Academic Work

This portion of the site is devoted to chronicling the more interesting of my academic pursuits. Check out the descriptions of the papers below and grab PDF files to browse or read to the contentment of your inner literary nerd.

Robot Conciousness in Asimov’s Prelude to Foundation

  • I wrote this in my first semester at college for a class on consciousness. My intellectual obsession with machine intelligence eventually led me to embrace atheistic materialism. Not my best work, but the concept of applying the Turing Test a fictional character is pretty interesting.

A Look at Open Source Software

  • A final paper from Spring ’06 (the date in the .pdf is from the re-compiled version that I posted today). The goal of the class was to examine our concepts of knowledge and information throughout history. I wrote on open source as a new way of categorizing and sharing information.

The Ethics of Brotherhood in Gisli Sursson’s Saga

  • A look at kinship in one of my favorite of the Icelandic outlaw sagas. Written for a class on Icelandic Sagas from Fall ’06.

Gisli and Gunnar: Outlaw Heroes

  • Comparing Gisli (of his eponymous saga) with Gunnar Hamundarson of Njal’s Saga, also from Fall ’06.

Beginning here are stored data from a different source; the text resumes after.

lemma remainder_not_extendable:
  assumes N2: "indep_matching indep remaining inc \<gamma> N2"
    and span_N2: "span (\<gamma> ` N2) = span (\<gamma> ` (N - blocking))"
    and augmented: "indep_matching indep remaining inc \<gamma> (insert g N2)" and g: "g \<notin> N2"
  shows False
proof -
  define S where "S = N2 \<union> blocking"
  note S = indep_matching_swap_remainder[OF N2 span_N2, folded S_def]
  from augmented have g_rem: "g \<in> remaining" and N2_rem: "N2 \<subseteq> remaining"
    and indep_gN2: "indep (\<gamma> ` insert g N2)" and inj_gN2: "inj_on \<gamma> (insert g N2)"
    and disj_gN2: "\<forall>x\<in>insert g N2. \<forall>y\<in>insert g N2. x \<noteq> y \<longrightarrow> inc x \<inter> inc y = {}"
    unfolding indep_matching_def by auto
  have g_E: "g \<in> E" and g_ground: "\<gamma> g \<in> Gr"
    using g_rem remaining_subset labels by blast+
  have "inc f \<inter> inc g = {}" if "f \<in> S" for f
  proof (cases "f \<in> N2")
    case True
    with g have "f \<noteq> g" by blast
    with True show ?thesis using disj_gN2 by blast
  next
    case False
    then have "inc f \<subseteq> deleted" using that unfolding S_def by blast
    then show ?thesis using remaining_avoids_deleted[OF g_rem] by blast
  qed
  then have g_span: "\<gamma> g \<in> span (\<gamma> ` S)"
    using max_indep_matching_spans_free_edge[OF max S(1,2) g_E g_ground] by blast
  have indep_S: "indep (\<gamma> ` N2 \<union> \<gamma> ` blocking)"
    using S(1) unfolding S_def indep_matching_def by (simp add: image_Un)
  have "\<gamma> g \<notin> \<gamma> ` N2" using inj_gN2 g by simp
  moreover have "finite (\<gamma> ` N2)"
    using indep_finite[OF indep_subset[OF indep_gN2 image_mono[OF subset_insertI]]] .
  ultimately have less: "card (\<gamma> ` N2) < card (\<gamma> ` insert g N2)" by simp
  have "\<gamma> ` N2 \<subseteq> span (\<gamma> ` N2 \<union> \<gamma> ` blocking)"
    using subset_span[OF indep_subset_ground[OF indep_S]] by blast
  moreover have "\<gamma> g \<in> span (\<gamma> ` N2 \<union> \<gamma> ` blocking)"
    using g_span unfolding S_def by (simp add: image_Un)
  ultimately have spanned: "\<gamma> ` insert g N2 \<subseteq> span (\<gamma> ` N2 \<union> \<gamma> ` blocking)" by simp
  obtain C' where C': "C' \<subseteq> \<gamma> ` blocking" "\<gamma> ` insert g N2 \<inter> C' = {}"
      "indep (\<gamma> ` insert g N2 \<union> C')"
      "span (\<gamma> ` insert g N2 \<union> C') = span (\<gamma> ` N2 \<union> \<gamma> ` blocking)" "card C' < card (\<gamma> ` blocking)"
    using indep_Un_exchange_superset[OF indep_S S(3) image_mono[OF subset_insertI] indep_gN2 spanned less]
    by auto
  define F' where "F' = {f \<in> blocking. \<gamma> f \<in> C'}"
  have F'_sub: "F' \<subseteq> blocking" unfolding F'_def by blast
  have image_F': "\<gamma> ` F' = C'" using C'(1) unfolding F'_def by blast
  have inj_blocking: "inj_on \<gamma> blocking" using inj_on_subset[OF inj_on_N blocking_subset] .
  have "card F' = card C'"
    using card_image[OF inj_on_subset[OF inj_blocking F'_sub]] image_F' by simp
  also have "\<dots> < card blocking" using C'(5) card_image[OF inj_blocking] by simp
  finally have F'_less: "card F' < card blocking" .
  define S' where "S' = insert g N2 \<union> F'"
  have "indep_matching indep E inc \<gamma> S'"
    unfolding S'_def
  proof (rule indep_matching_Un)
    show "indep_matching indep E inc \<gamma> (insert g N2)"
      using N2_rem g_rem remaining_subset by (intro indep_matching_subset[OF augmented subset_refl]) blast
    show "indep_matching indep E inc \<gamma> F'"
      using F'_sub blocking_subset N_subset
      by (intro indep_matching_subset[OF N_matching]) blast+
    show "inc a \<inter> inc b = {}" if "a \<in> insert g N2" "b \<in> F'" for a b
    proof -
      have "inc b \<subseteq> deleted" using that(2) F'_sub by blast
      moreover have "a \<in> remaining" using that(1) g_rem N2_rem by blast
      ultimately show ?thesis using remaining_avoids_deleted by blast
    qed
    show "\<gamma> ` insert g N2 \<inter> \<gamma> ` F' = {}" using C'(2) image_F' by simp
    show "indep (\<gamma> ` insert g N2 \<union> \<gamma> ` F')" using C'(3) image_F' by simp
  qed
  moreover have "span (\<gamma> ` S') = span (\<gamma> ` N)"
    using C'(4) S(2) image_F' unfolding S'_def S_def by (simp add: image_Un)
  ultimately have "card blocking \<le> card (edges_meeting inc e S')" by (rule least)
  moreover have "edges_meeting inc e S' \<subseteq> F'"
  proof
    fix f assume f: "f \<in> edges_meeting inc e S'"
    have "inc a \<inter> inc e = {}" if "a \<in> insert g N2" for a
      using that g_rem N2_rem remaining_avoids_deleted by blast
    with f show "f \<in> F'" unfolding S'_def edges_meeting_def by blast
  qed
  then have "card (edges_meeting inc e S') \<le> card F'"
    using card_mono[OF finite_subset[OF F'_sub finite_blocking]] by blast
  ultimately show False using F'_less by linarith
qed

Skarp-Hedin and the Relationship Between Father and Son in Njal’s Saga

  • Examining a core relationship in Njal’s Saga. My final paper for the Icelandic Saga class.

Bone: Jeff Smith’s Cartoon Epic

  • Final paper from a course about North American comics from Spring ’07.

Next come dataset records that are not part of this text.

text \<open>On a shortest path of length at least 3 the first two inner vertices both have
  degree at least 2, which a star with at least 3 vertices does not allow.\<close>
lemma star_common_neighbour:
  assumes star: "is_star E B" and fin: "finite B" and irr: "\<forall>x. \<not> E x x"
    and sym: "\<forall>x y. E x y \<longrightarrow> E y x"
    and kB: "k \<in> B" and vB: "v \<in> B" and "k \<noteq> v" and "\<not> E k v"
  shows "\<exists>c\<in>B. E k c \<and> E c v"
proof -
  let ?R = "restr E B"
  have tree: "is_tree ?R B" and few_inner: "card B \<le> 2 \<or> card {x \<in> B. 1 < card {y \<in> B. E x y}} = 1"
    using star by (auto simp: is_star_def)
  have "restr ?R B = ?R"
    by (auto simp: restr_def fun_eq_iff)
  then have "?R\<^sup>*\<^sup>* k v"
    using is_treeD(5)[OF tree] kB vB by simp
  then have "\<exists>n. (?R ^^ n) k v"
    by (simp add: rtranclp_power)
  define d where "d = (LEAST n. (?R ^^ n) k v)"
  have walk: "(?R ^^ d) k v"
    unfolding d_def using \<open>\<exists>n. (?R ^^ n) k v\<close> by (rule LeastI_ex)
  have shortest: "\<forall>n < d. \<not> (?R ^^ n) k v"
    unfolding d_def using not_less_Least by blast
  have "d \<noteq> 0"
    using walk \<open>k \<noteq> v\<close> by (metis relpowp.simps(1) id_apply)
  moreover have "d \<noteq> 1"
    using walk \<open>\<not> E k v\<close> by (auto simp: restr_def)
  ultimately consider "d = 2" | m where "d = Suc (Suc (Suc m))"
    by (metis One_nat_def Suc_1 not0_implies_Suc)
  then show ?thesis
  proof cases
    case 1
    then obtain c where "?R k c" "?R c v"
      using walk by (auto simp: numeral_2_eq_2 elim!: relpowp_Suc_E)
    then show ?thesis
      by (auto simp: restr_def)
  next
    case (2 m)
    obtain x1 x2 x3 where x: "?R k x1" "?R x1 x2" "?R x2 x3" "x2 \<noteq> k" "x3 \<noteq> x1"
      using walk shortest unfolding 2 by (rule shortest_walk_prefix)
    then have B: "x1 \<in> B" "x2 \<in> B" "x3 \<in> B" and e: "E x1 k" "E x1 x2" "E x2 x1" "E x2 x3"
      using sym by (auto simp: restr_def)
    then have "k \<noteq> x1" "x1 \<noteq> x2"
      using irr by auto
    have "2 \<le> card {y \<in> B. E x1 y}"
      by (rule two_le_card[of _ k x2]) (use fin kB B e x(4) in auto)
    moreover have "2 \<le> card {y \<in> B. E x2 y}"
      by (rule two_le_card[of _ x1 x3]) (use fin B e x(5) in auto)
    ultimately have "2 \<le> card {x \<in> B. 1 < card {y \<in> B. E x y}}"
      by (intro two_le_card[of _ x1 x2]) (use fin B \<open>x1 \<noteq> x2\<close> in auto)
    moreover have "3 \<le> card B"
      using card_mono[OF fin, of "{k, x1, x2}"] kB B \<open>k \<noteq> x1\<close> \<open>x1 \<noteq> x2\<close> x(4) by auto
    ultimately show ?thesis
      using few_inner by auto
  qed
qed

section \<open>Broadcast time\<close>

definition neighbour_orders :: "('a \<Rightarrow> 'a \<Rightarrow> bool) \<Rightarrow> 'a \<Rightarrow> 'a set \<Rightarrow> 'a list set" where
  "neighbour_orders E u S = {xs. distinct xs \<and> set xs = {v \<in> S. E u v}}"

lemma finite_neighbour_orders: "finite S \<Longrightarrow> finite (neighbour_orders E u S)"
  unfolding neighbour_orders_def by (rule finite_subset[OF _ finite_subset_distinct[of S]]) auto

lemma neighbour_orders_nonempty: "finite S \<Longrightarrow> neighbour_orders E u S \<noteq> {}"
  unfolding neighbour_orders_def using finite_distinct_list[of "{v \<in> S. E u v}"] by auto

lemma bt_Suc_eq:
  assumes "\<And>y. y \<in> S \<Longrightarrow> E u y \<Longrightarrow> bt n E w \<rho> y (comp E (S - {u}) y) = g y"
  shows "bt (Suc n) E w \<rho> u S =
    (if {v \<in> S. E u v} = {} then 0 else
     Min ((\<lambda>xs. Max ((\<lambda>j. real (Suc j) * \<rho> + w u (xs ! j) + g (xs ! j)) ` {..<length xs}))
          ` neighbour_orders E u S))"
proof -
  have "bt n E w \<rho> (xs ! j) (comp E (S - {u}) (xs ! j)) = g (xs ! j)"
    if "xs \<in> neighbour_orders E u S" "j < length xs" for xs j
    using that assms nth_mem[of j xs] by (auto simp: neighbour_orders_def)
  then show ?thesis
    unfolding bt.simps Let_def neighbour_orders_def
    by (intro if_cong refl arg_cong[where f = Min] image_cong arg_cong[where f = Max]) auto
qed

text \<open>Any fuel at least card S gives the same value, because the components of S - {u} are
  strictly smaller than S.\<close>
lemma bt_fuel:
  assumes irr: "\<forall>x. \<not> E x x"
  shows "finite S \<Longrightarrow> u \<in> S \<Longrightarrow> card S \<le> n \<Longrightarrow> card S \<le> m \<Longrightarrow> bt n E w \<rho> u S = bt m E w \<rho> u S"
proof (induction n arbitrary: m u S)
  case 0
  then show ?case
    using card_gt_0_iff[of S] by auto
next
  case (Suc n)
  then obtain m' where m: "m = Suc m'"
    using card_gt_0_iff[of S] by (cases m) auto
  have "bt n E w \<rho> y (comp E (S - {u}) y) = bt m' E w \<rho> y (comp E (S - {u}) y)"
    if "y \<in> S" "E u y" for y
  proof -
    have sub: "comp E (S - {u}) y \<subseteq> S - {u}"
      using that irr by (intro comp_subset) auto
    then have "card (comp E (S - {u}) y) \<le> card S - 1"
      using card_mono[OF _ sub] Suc.prems(1,2) by simp
    then show ?thesis
      using Suc.prems m finite_subset[OF sub] by (intro Suc.IH comp_self) auto
  qed
  then show ?case
    unfolding m by (simp only: bt_Suc_eq)
qed

definition call_time :: "('a \<Rightarrow> 'a \<Rightarrow> bool) \<Rightarrow> ('a \<Rightarrow> 'a \<Rightarrow> real) \<Rightarrow> real \<Rightarrow> 'a \<Rightarrow> 'a set \<Rightarrow> 'a list \<Rightarrow> nat \<Rightarrow> real" where
  "call_time E w \<rho> u S xs j =
     real (Suc j) * \<rho> + w u (xs ! j) + btime E w \<rho> (xs ! j) (comp E (S - {u}) (xs ! j))"

lemma btime_eq_Min:
  assumes irr: "\<forall>x. \<not> E x x" and fin: "finite S" and u: "u \<in> S" and nonempty: "{v \<in> S. E u v} \<noteq> {}"
  shows "btime E w \<rho> u S = Min ((\<lambda>xs. Max (call_time E w \<rho> u S xs ` {..<length xs})) ` neighbour_orders E u S)"
proof -
  obtain n where n: "card S = Suc n"
    using fin u card_gt_0_iff[of S] by (cases "card S") auto
  have "bt n E w \<rho> y (comp E (S - {u}) y) = btime E w \<rho> y (comp E (S - {u}) y)"
    if "y \<in> S" "E u y" for y
  proof -
    have sub: "comp E (S - {u}) y \<subseteq> S - {u}"
      using that irr by (intro comp_subset) auto
    then have "card (comp E (S - {u}) y) \<le> n"
      using card_mono[OF _ sub] fin u n by simp
    then show ?thesis
      unfolding btime_def using fin finite_subset[OF sub] by (intro bt_fuel[where E = E, OF irr] comp_self) auto
  qed
  then have "bt (Suc n) E w \<rho> u S = Min ((\<lambda>xs. Max ((\<lambda>j. real (Suc j) * \<rho> + w u (xs ! j)
      + btime E w \<rho> (xs ! j) (comp E (S - {u}) (xs ! j))) ` {..<length xs})) ` neighbour_orders E u S)"
    using nonempty by (simp only: bt_Suc_eq if_False)
  then show ?thesis
    unfolding call_time_def by (simp add: btime_def[of E w \<rho> u S] n)
qed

A Survey of Architecture in Comics

  • A journaling project from an architecture course that I took in Fall ’07. Unfortunately no images in this version of the document.

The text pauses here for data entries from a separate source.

lemma card_meet_even:
  assumes type: "cycle_type p = I_type r (2*s)" and s: "2 \<le> s" "s + 2 \<le> r"
    and r: "r = 2*t + e" and e: "e \<le> 1"
  shows "int (card meet) = (if e = 0 then meet_even0 t s else meet_even1 t s)"
proof -
  define q where "q = 2*t + e - s - 2"
  have q: "int q = 2 * int t + int e - int s - 2" using r s by (simp add: q_def)
  note raw = card_meet_even_windows[OF type s r e, folded q_def]
  show ?thesis
  proof (cases "e = 0")
    case True
    have "zbinom q (int t - int s) = zbinom q (int t - 2)" "zbinom q (int t - int s - 2) = zbinom q (int t)"
      "zbinom q (int t - int s - 1) = zbinom q (int t - 1)"
      using q True by (auto intro: zbinom_symmetric_eq)
    then show ?thesis
      using raw True unfolding meet_even0_def q_def by (simp add: zbinom_sum_singleton algebra_simps)
  next
    case False
    then have "e = 1" using e by simp
    have "zbinom q (int t - int s) = zbinom q (int t - 1)" "zbinom q (int t - int s - 1) = zbinom q (int t)"
      using q \<open>e = 1\<close> by (auto intro: zbinom_symmetric_eq)
    then show ?thesis
      using raw \<open>e = 1\<close> unfolding meet_even1_def q_def by (simp add: zbinom_sum_singleton zbinom_sum_empty algebra_simps)
  qed
qed

end

definition cycle_and_transposition_cases :: "nat \<Rightarrow> nat \<Rightarrow> nat \<Rightarrow> nat" where
  "cycle_and_transposition_cases l N i =
    (if 1 \<le> i \<and> i < l then i + 1 else if i = l then 1
     else if l < i \<and> i \<le> N then (if even i then i + 1 else i - 1) else i)"

locale odd_cycle_type =
  fixes l N :: nat
  assumes l_ge_3: "3 \<le> l" and l_le_N: "l \<le> N" and odd_l: "odd l" and odd_N: "odd N"
begin

abbreviation "c \<equiv> cycle_and_transposition_cases l N"

lemma c_below_l: "1 \<le> i \<Longrightarrow> i < l \<Longrightarrow> c i = i + 1"
  by (simp add: cycle_and_transposition_cases_def)

lemma c_l: "c l = 1"
  using l_ge_3 by (simp add: cycle_and_transposition_cases_def)

lemma c_even: "l < i \<Longrightarrow> i \<le> N \<Longrightarrow> even i \<Longrightarrow> c i = i + 1 \<and> i + 1 \<le> N"
  using odd_N by (cases "i = N") (auto simp: cycle_and_transposition_cases_def)

lemma c_odd: "l < i \<Longrightarrow> i \<le> N \<Longrightarrow> odd i \<Longrightarrow> c i = i - 1 \<and> l < i - 1"
  using odd_l by (cases "i = l + 1") (auto simp: cycle_and_transposition_cases_def)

Beowulf and Grettir: Comparison and Coincidence

  • My final paper for a seminar on Beowulf in Fall ’07. This paper looks at possible connections between the title character of the Anglo-Saxon poem and Grettir Asmundarson of the Icelandic Grettir’s Saga.

Excerpt from Doom of the Gods

  • My own translation from the Old Norse Prose Edda. The excerpt discusses Ragnarok, the end of the Norse world. A final project for a course in Old Norse that I took in Fall ’07.

Current Independent Study

In addition to these completed papers, I am currently working on an independent study to explore the legacy of bear shamanism in medieval Germanic literature. The proposal that I submitted for the study is below:

German scholar Friedrich Panzer caused a stir in 1910 when he published a paper linking the Old English poem Beowulf and the Icelandic Grettis saga with a very old folktale motif, which he called the “The Bear’s Son Tale.” The motif features a hero with some sort of bear ancestry going on adventures, killing demons, rescuing princesses, collecting large stores of treasure, and enacting revenge on traitorous companions. There are several characters in Old English and Norse literature who possess explicitly ursine attributes and whose stories have been cited by scholars over the years to fit this “Bear’s Son” motif. This independent study will attempt a comprehensive investigation of the scholarship on bear-themed folktales and their connection to Germanic literature in the Middle Ages, while looking at the roots of such folktales in early shamanistic religions of the far North. The semester-long study will culminate in an original academic paper around twenty pages in length.

I will post notes and ongoing thoughts as I pursuing this interesting subject. The final paper may appear here as well.